Quelles sont les mesures à retenir ?
Comme mon collègue Esteban Grépinet l’a raconté dans un article détaillé à lire sur le site de Vert, les agents de la police de l’environnement pourraient bientôt être équipés de caméras embarquées, pour garder une trace de leurs interventions. Un guichet et une adresse mail seront créés pour signaler les contrôles qui se seraient mal passés.
Une sorte de «police de la police de l’environnement» devrait voir le jour – comme il existe l’IGPN pour la police nationale ; je rappelle que les agents de l’IGPN sont surnommés les «bœufs carotte», je vois mal comment on va trouver mieux cette fois-ci.
En vrac, les deux ministères prévoient la création de «fiches pratiques», la «formation des inspecteurs de l’environnement aux enjeux agricoles et de certains agents des chambres d’agriculture à la biodiversité», mais aussi une «large campagne de communication sur la protection de l’environnement», ou un «colloque national sur la police de l’eau et de la nature»…
Bref, il ne manque que le numéro vert et la convention citoyenne.
Le gouvernement veut aussi lancer une «réflexion de revue des normes et échelles des peines». Autrement dit, certaines sanctions pourraient être réduites en cas, par exemple, de pollutions, de destruction d’espèces protégées ou de haies.
Enfin, le point qui a mis le feu aux poudres des policiers de l’environnement, c’est celui qui introduit le port d’arme discret : les agents en intervention chez des agriculteurs seront tenus de cacher leur arme.
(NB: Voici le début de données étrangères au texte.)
text \<open>
  The kernel \<open>K(C)\<close> of \<open>C = \<Phi>(\<C>)\<close> is a subgroup of \<open>\<int>\<^sub>p\<^sup>n\<close>, so \<open>|K(C)| = p\<^sup>k\<close>.
  Since \<open>C\<close> contains the zero word, \<open>K(C) \<subseteq> C\<close>, and \<open>|C| = |\<C>| = p\<^sup>\<gamma>\<^sup>+\<^sup>2\<^sup>\<delta>\<close>
  because the Gray map is injective. Conversely, if \<open>u \<in> \<C>\<close> has order \<open>p\<close>, its
  \<open>\<int>\<^sub>p\<^sub>2\<close>-entries are multiples of \<open>p\<close>, and on these the Gray map is additive:
  \<open>\<Phi>(c + u) = \<Phi>(c) + \<Phi>(u)\<close>. Hence \<open>\<Phi>(u) \<in> K(C)\<close>, and the \<open>p\<^sup>\<gamma>\<^sup>+\<^sup>\<delta>\<close> codewords
  of order \<open>p\<close> give as many elements of \<open>K(C)\<close>.
\<close>

section \<open>Vectors over \<open>\<int>\<^sub>m\<close>\<close>

lemma vecs_eq_lists: "vecs m n = {xs. set xs \<subseteq> {..<m} \<and> length xs = n}"
  by (auto simp: vecs_def)

lemma finite_vecs: "finite (vecs m n)"
  by (simp add: vecs_eq_lists finite_lists_length_eq)

lemma card_vecs: "card (vecs m n) = m ^ n"
  by (simp add: vecs_eq_lists card_lists_length_eq)

lemma length_vecs: "xs \<in> vecs m n \<Longrightarrow> length xs = n"
  by (simp add: vecs_def)

lemma nth_vecs: "xs \<in> vecs m n \<Longrightarrow> i < n \<Longrightarrow> xs ! i < m"
  by (simp add: vecs_def)

lemma vecsI: "length xs = n \<Longrightarrow> (\<And>i. i < n \<Longrightarrow> xs ! i < m) \<Longrightarrow> xs \<in> vecs m n"
  by (auto simp: vecs_def in_set_conv_nth)

lemma replicate_0_vecs: "m > 0 \<Longrightarrow> replicate n 0 \<in> vecs m n"
  by (simp add: vecs_def)

lemma length_vadd [simp]: "length (vadd m xs ys) = min (length xs) (length ys)"
  by (simp add: vadd_def)

lemma nth_vadd [simp]:
  "i < length xs \<Longrightarrow> i < length ys \<Longrightarrow> vadd m xs ys ! i = (xs ! i + ys ! i) mod m"
  by (simp add: vadd_def)

lemma vadd_append:
  "length xs = length xs' \<Longrightarrow> vadd m (xs @ ys) (xs' @ ys') = vadd m xs xs' @ vadd m ys ys'"
  by (simp add: vadd_def zip_append)

lemma vadd_assoc: "vadd m (vadd m xs ys) zs = vadd m xs (vadd m ys zs)"
  by (rule nth_equalityI) (simp_all add: mod_add_left_eq mod_add_right_eq add.assoc)

lemma vadd_replicate_0: "xs \<in> vecs m n \<Longrightarrow> vadd m (replicate n 0) xs = xs"
  by (rule nth_equalityI) (simp_all add: length_vecs nth_vecs)

lemma vadd_vecs: "m > 0 \<Longrightarrow> xs \<in> vecs m n \<Longrightarrow> ys \<in> vecs m n \<Longrightarrow> vadd m xs ys \<in> vecs m n"
  by (rule vecsI) (simp_all add: length_vecs)

lemma vneg_vecs: "m > 0 \<Longrightarrow> xs \<in> vecs m n \<Longrightarrow> vneg m xs \<in> vecs m n"
  by (rule vecsI) (simp_all add: vneg_def length_vecs)

lemma vadd_vneg: "xs \<in> vecs m n \<Longrightarrow> vadd m (vneg m xs) xs = replicate n 0"
proof (rule nth_equalityI)
  fix i assume i: "i < length (vadd m (vneg m xs) xs)"
  assume xs: "xs \<in> vecs m n"
  then have "xs ! i < m" "i < n"
    using i by (simp_all add: nth_vecs length_vecs vneg_def)
  then show "vadd m (vneg m xs) xs ! i = replicate n 0 ! i"
    using xs by (simp add: vneg_def length_vecs mod_add_left_eq)
qed (simp add: vneg_def length_vecs)

lemma vsmul_vadd: "vsmul m k (vadd m xs ys) = vadd m (vsmul m k xs) (vsmul m k ys)"
  by (rule nth_equalityI)
    (simp_all add: vsmul_def mod_mult_right_eq mod_add_eq distrib_left)

lemma vsmul_vsmul: "vsmul m k (vsmul m j xs) = vsmul m (k * j) xs"
  by (simp add: vsmul_def mod_mult_right_eq mult.assoc)

lemma vsmul_mod: "m dvd m' \<Longrightarrow> vsmul m (k mod m') xs = vsmul m k xs"
  by (simp add: vsmul_def mod_mult_left_eq[of "k mod m'", symmetric] mod_mod_cancel
      mod_mult_left_eq)

lemma vsmul_0: "vsmul m 0 xs = replicate (length xs) 0"
  by (simp add: vsmul_def map_replicate_const)

lemma vsmul_self: "vsmul m m xs = replicate (length xs) 0"
  by (simp add: vsmul_def map_replicate_const)

lemma mult_mod_square_eq_0_iff: "(p::nat) > 0 \<Longrightarrow> p * x mod p^2 = 0 \<longleftrightarrow> p dvd x"
  by (simp add: power2_eq_square mod_mult_mult1 mod_eq_0_iff_dvd)

lemma vsmul_square_eq_0_iff:
  "p > 0 \<Longrightarrow> vsmul (p^2) p xs = replicate (length xs) 0 \<longleftrightarrow> (\<forall>x\<in>set xs. p dvd x)"
  by (induct xs) (simp_all add: vsmul_def mult_mod_square_eq_0_iff)

section \<open>The kernel of a set of vectors\<close>

definition vec_group :: "nat \<Rightarrow> nat \<Rightarrow> nat list monoid" where
  "vec_group m n = \<lparr>carrier = vecs m n, mult = vadd m, one = replicate n 0\<rparr>"

lemma vec_group_simps [simp]:
  "carrier (vec_group m n) = vecs m n"
  "mult (vec_group m n) = vadd m"
  "one (vec_group m n) = replicate n 0"
  by (simp_all add: vec_group_def)

lemma group_vec_group: "m > 0 \<Longrightarrow> group (vec_group m n)"
  by (rule groupI)
    (auto simp: vadd_vecs vadd_assoc vadd_replicate_0 replicate_0_vecs
      intro: vneg_vecs vadd_vneg)

lemma kernel_set_subgroup:
  assumes "p > 0" and "C \<subseteq> vecs p n"
  shows "subgroup (kernel_set p n C) (vec_group p n)"
proof -
  interpret G: group "vec_group p n"
    using group_vec_group[OF assms(1)] .
  show ?thesis
  proof (rule G.subgroupI)
    have "(\<lambda>c. vadd p c (replicate n 0)) ` C = C"
      using assms(2) by (force simp: G.r_one[simplified] image_iff)
    then have "replicate n 0 \<in> kernel_set p n C"
      using assms(1) by (simp add: kernel_set_def replicate_0_vecs)
    then show "kernel_set p n C \<noteq> {}"
      by blast
  next
    fix x y assume "x \<in> kernel_set p n C" "y \<in> kernel_set p n C"
    then have x: "x \<in> vecs p n" "(\<lambda>c. vadd p c x) ` C = C"
      and y: "y \<in> vecs p n" "(\<lambda>c. vadd p c y) ` C = C"
      by (simp_all add: kernel_set_def)
    have "(\<lambda>c. vadd p c (vadd p x y)) ` C = (\<lambda>c. vadd p c y) ` (\<lambda>c. vadd p c x) ` C"
      by (simp add: image_image vadd_assoc)
    then show "x \<otimes>\<^bsub>vec_group p n\<^esub> y \<in> kernel_set p n C"
      using x y assms(1) by (simp add: kernel_set_def vadd_vecs)
  next
    fix x assume "x \<in> kernel_set p n C"
    then have x: "x \<in> carrier (vec_group p n)" "(\<lambda>c. vadd p c x) ` C = C"
      by (simp_all add: kernel_set_def)
    let ?x' = "inv\<^bsub>vec_group p n\<^esub> x"
    have "vadd p (vadd p c x) ?x' = c" if "c \<in> C" for c
      using that assms(2) x(1) G.inv_closed[OF x(1)]
      by (metis G.m_assoc G.r_inv G.r_one subsetD vec_group_simps)
    then have "(\<lambda>c. vadd p c ?x') ` (\<lambda>c. vadd p c x) ` C = C"
      by (simp add: image_image)
    then show "?x' \<in> kernel_set p n C"
      using x G.inv_closed[OF x(1)] by (simp add: kernel_set_def)
  qed (auto simp: kernel_set_def)
qed

lemma card_kernel_set_prime_power:
  assumes "prime p" and "C \<subseteq> vecs p n"
  obtains k where "card (kernel_set p n C) = p ^ k"
proof -
  have p: "p > 0"
    using assms(1) prime_gt_0_nat by blast
  interpret G: group "vec_group p n"
    using group_vec_group[OF p] .
  have "card (rcosets\<^bsub>vec_group p n\<^esub> kernel_set p n C) * card (kernel_set p n C) = p ^ n"
    using G.lagrange[OF kernel_set_subgroup[OF p assms(2)]] by (simp add: order_def card_vecs)
  then have "card (kernel_set p n C) dvd p ^ n"
    by (metis dvd_triv_right)
  then show thesis
    using that divides_primepow_nat[OF assms(1)] by blast
qed

lemma ker_dim_eqI: "p > 1 \<Longrightarrow> card (kernel_set p n C) = p ^ k \<Longrightarrow> ker_dim p n C = k"
  unfolding ker_dim_def by (rule the_equality) simp_all

lemma kernel_set_subset: "replicate n 0 \<in> C \<Longrightarrow> kernel_set p n C \<subseteq> C"
  by (force simp: kernel_set_def vadd_replicate_0)

lemma kernel_setI:
  assumes "p > 0" and "finite C" and "C \<subseteq> vecs p n" and x: "x \<in> vecs p n"
    and "(\<lambda>c. vadd p c x) ` C \<subseteq> C"
  shows "x \<in> kernel_set p n C"
proof -
  interpret G: group "vec_group p n"
    using group_vec_group[OF assms(1)] .
  have "inj_on (\<lambda>c. vadd p c x) C"
    using assms(3) x by (intro inj_onI) (metis G.right_cancel subsetD vec_group_simps(1,2))
  then have "card ((\<lambda>c. vadd p c x) ` C) = card C"
    by (rule card_image)
  then have "(\<lambda>c. vadd p c x) ` C = C"
    using assms(2,5) by (intro card_subset_eq) auto
  then show ?thesis
    using x by (simp add: kernel_set_def)
qed

lemma ker_dim_bounds:
  assumes "prime p" and C: "C \<subseteq> vecs p n" and "replicate n 0 \<in> C"
    and A: "A \<subseteq> kernel_set p n C" and "card A = p ^ a" and "card C = p ^ c"
  shows "ker_dim p n C \<in> {a..c}"
proof -
  have p: "p > 1"
    using assms(1) prime_gt_1_nat by blast
  obtain k where k: "card (kernel_set p n C) = p ^ k"
    using card_kernel_set_prime_power[OF assms(1) C] .
  have finite: "finite C"
    using C finite_vecs by (rule finite_subset)
  have K: "kernel_set p n C \<subseteq> C"
    using assms(3) by (rule kernel_set_subset)
  have "p ^ a \<le> p ^ k"
    using card_mono[OF finite_subset[OF K finite] A] assms(5) k by simp
  moreover have "p ^ k \<le> p ^ c"
    using card_mono[OF finite K] assms(6) k by simp
  ultimately show ?thesis
    using ker_dim_eqI[OF p k] p by simp
qed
Comme nous l’a dit Sylvain Michel, représentant syndical (CGT) à l’OFB, il s’agit d’une «menace pour la sécurité des agents», car il faut plus de temps pour dégainer en cas de besoin.
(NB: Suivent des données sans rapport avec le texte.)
definition delta_deriv :: "real set \<Rightarrow> (real \<Rightarrow> real) \<Rightarrow> real \<Rightarrow> real" where
  "delta_deriv TS f t = (THE D. has_delta_deriv TS f D t)"

end

theory Submission
  imports Defs "HOL-Analysis.Elementary_Metric_Spaces"
begin

(* Write U m t = u(m dx, t) and c = k/dx.  Problem (P) is the lattice system
   U_m^Delta = -c (U_m - U_(m-1)), U_0(0) = A, U_m(0) = 0 for m <> 0, and (TS1) reads
   c mu(t) < 1.  The basic tool is "time-scale induction": a property holding at 0 that
   survives jumps, extends to the right of right-dense points and passes to left-dense
   limits holds everywhere.  From it we derive mean value inequalities and a positivity
   (Gronwall-type) principle for delta derivatives.  The theorem then follows in 3 stages:
   1. U_m = 0 for m < 0: if these sites vanish at r, their common bound halves on
      [r, r + 1/(4c)) by the mean value inequality, so they vanish there too.
   2. U_m >= 0 for m >= 0, by induction on m using the positivity principle and (TS1).
   3. The partial mass S_N = sum_(m<=N) U_m has S_N^Delta = -c U_N <= 0, so S_N <= A;
      the first moment W_N = sum_(m<=N) m U_m grows at rate <= c A, so U_N <= c A t / N
      and S_N >= A - c^2 A t^2 / N.  Letting N -> oo gives sum_m U_m(t) = A.
   The file develops the calculus on time scales first, then the three stages inside a
   locale describing the lattice system, and finally instantiates the locale. *)

text \<open>The time scales considered here have sup = +oo; this makes every forward jump finite.\<close>
abbreviation unbounded_above :: "real set \<Rightarrow> bool" where
  "unbounded_above TS \<equiv> (\<forall>B. \<exists>t\<in>TS. t > B)"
Ces mesures vont-elles faire retomber la colère ?
Pour Paul-Emilien Toucry, représentant du syndicat SNAPE-FO, «ces mesures n’auront aucune incidence sur les principaux problèmes des agriculteurs, comme : les difficultés du métier, les problèmes financiers ou la perte de sens…».
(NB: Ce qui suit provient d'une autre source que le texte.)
lemma split_ext_zero_kernel_iso:
  assumes s: "split_ext C (zero_map zero_obj (Dom C \<alpha>)) \<alpha> \<beta>"
  shows "is_iso C \<beta>"
proof -
  note sp = split_extD[OF s]
  note h = homD[OF sp(1)] homD[OF sp(2)]
  have ob: "Dom C \<alpha> \<in> Obj C" "Cod C \<alpha> \<in> Obj C" using h by simp_all
  have "is_mono C (\<alpha> \<cdot> \<beta>)" using sp(3) iso_mono[OF Id_iso[OF ob(2)]] by simp
  then have "is_mono C \<beta>" using mono_comp_cancel h by simp
  moreover have "zero_map zero_obj (Cod C \<alpha>) \<in> hom C (Dom C (zero_map zero_obj (Dom C \<alpha>))) (Cod C \<alpha>)"
    "\<beta> \<cdot> zero_map zero_obj (Cod C \<alpha>) = zero_map zero_obj (Dom C \<alpha>)"
    "Id C (Cod C \<alpha>) \<in> hom C (Cod C \<alpha>) (Cod C \<alpha>)" "\<beta> \<cdot> Id C (Cod C \<alpha>) = \<beta>"
    using h ob Id_hom zero_map_hom by simp_all
  ultimately show ?thesis using split_ext_mono_iso[OF s _ sp(2)] by blast
qed

lemma mono_if_trivial_kernel:
  assumes f: "f \<in> hom C A B"
    and trivial: "\<And>W g. g \<in> hom C W A \<Longrightarrow> f \<cdot> g = zero_map W B \<Longrightarrow> g = zero_map W A"
  shows "is_mono C f"
proof -
  have ob: "A \<in> Obj C" "B \<in> Obj C" using f hom_Obj by blast+
  obtain R r1 r2 where pb: "is_pullback C f f r1 r2" "r1 \<in> hom C R A" "r2 \<in> hom C R A"
    using pullback_exists[OF f f] by blast
  note pd = pullbackD[OF pb(1)]
  note h = homD[OF f] homD[OF pb(2)] homD[OF pb(3)]
  have R: "R \<in> Obj C" using pb hom_Obj by blast
  have "Id C A \<in> hom C A (Dom C f)" "f \<cdot> Id C A = f \<cdot> Id C A" using Id_hom[OF ob(1)] h by simp_all
  then obtain d where d: "d \<in> hom C A R" "r1 \<cdot> d = Id C A" "r2 \<cdot> d = Id C A"
    using pullback_factor[OF pb(1)] h by metis
  note hd = homD[OF d(1)]
  have "is_kernel C (zero_map zero_obj R) r1"
  proof (rule zero_map_kernel[OF pb(2)])
    fix W g assume g: "g \<in> hom C W R" "r1 \<cdot> g = zero_map W A"
    have W: "W \<in> Obj C" using g hom_Obj by blast
    note hg = homD[OF g(1)]
    have "f \<cdot> (r2 \<cdot> g) = zero_map W B" using h hg g(2) ob W by (simp add: comp_reassoc[OF pd(3)[symmetric]])
    then have "r2 \<cdot> g = zero_map W A" using trivial[of "r2 \<cdot> g" W] h hg by (simp add: hom_def)
    show "g = zero_map W R"
    proof (rule pullback_unique[OF pb(1), of _ W])
      show "g \<in> hom C W (Dom C r1)" "zero_map W R \<in> hom C W (Dom C r1)"
        using g(1) h W R zero_map_hom by simp_all
      show "r1 \<cdot> g = r1 \<cdot> zero_map W R" "r2 \<cdot> g = r2 \<cdot> zero_map W R"
        using g(2) \<open>r2 \<cdot> g = zero_map W A\<close> h W by simp_all
    qed
  qed
  then have "split_ext C (zero_map zero_obj (Dom C r1)) r1 d" using split_extI[OF pb(2) d(1,2)] h by simp
  then have "is_iso C d" by (rule split_ext_zero_kernel_iso)
  then obtain j where j: "j \<in> hom C R A" "d \<cdot> j = Id C R" using isoE hd by metis
  note hj = homD[OF j(1)]
  have "r1 = r1 \<cdot> (d \<cdot> j)" using j(2) h by simp
  also have "\<dots> = r2 \<cdot> (d \<cdot> j)" using h hd hj by (simp add: comp_reassoc[OF d(2)] comp_reassoc[OF d(3)])
  also have "\<dots> = r2" using j(2) h by simp
  finally have r12: "r1 = r2" .
  show ?thesis
  proof (rule monoI)
    show "f \<in> Arr C" using h by simp
    fix W x y assume x: "x \<in> hom C W (Dom C f)" and y: "y \<in> hom C W (Dom C f)" and e: "f \<cdot> x = f \<cdot> y"
    obtain k where "r1 \<cdot> k = x" "r2 \<cdot> k = y" using pullback_factor[OF pb(1) x y e] by blast
    then show "x = y" using r12 by simp
  qed
qed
Cette panoplie de mesure, qui vise surtout à donner des gages aux syndicats agricoles, elle est d’autant plus surprenante que seuls 7,5% des contrôles exercés par l’OFB ont un rapport avec le monde agricole ; et que chaque exploitation est contrôlée, en moyenne, tenez-vous bien, une fois tous les… 120 ans.
Mais il y avait visiblement plus urgence à rassurer les syndicats agricoles qu’à agir sur les causes du mal-être ou à enrayer l’effondrement du vivant.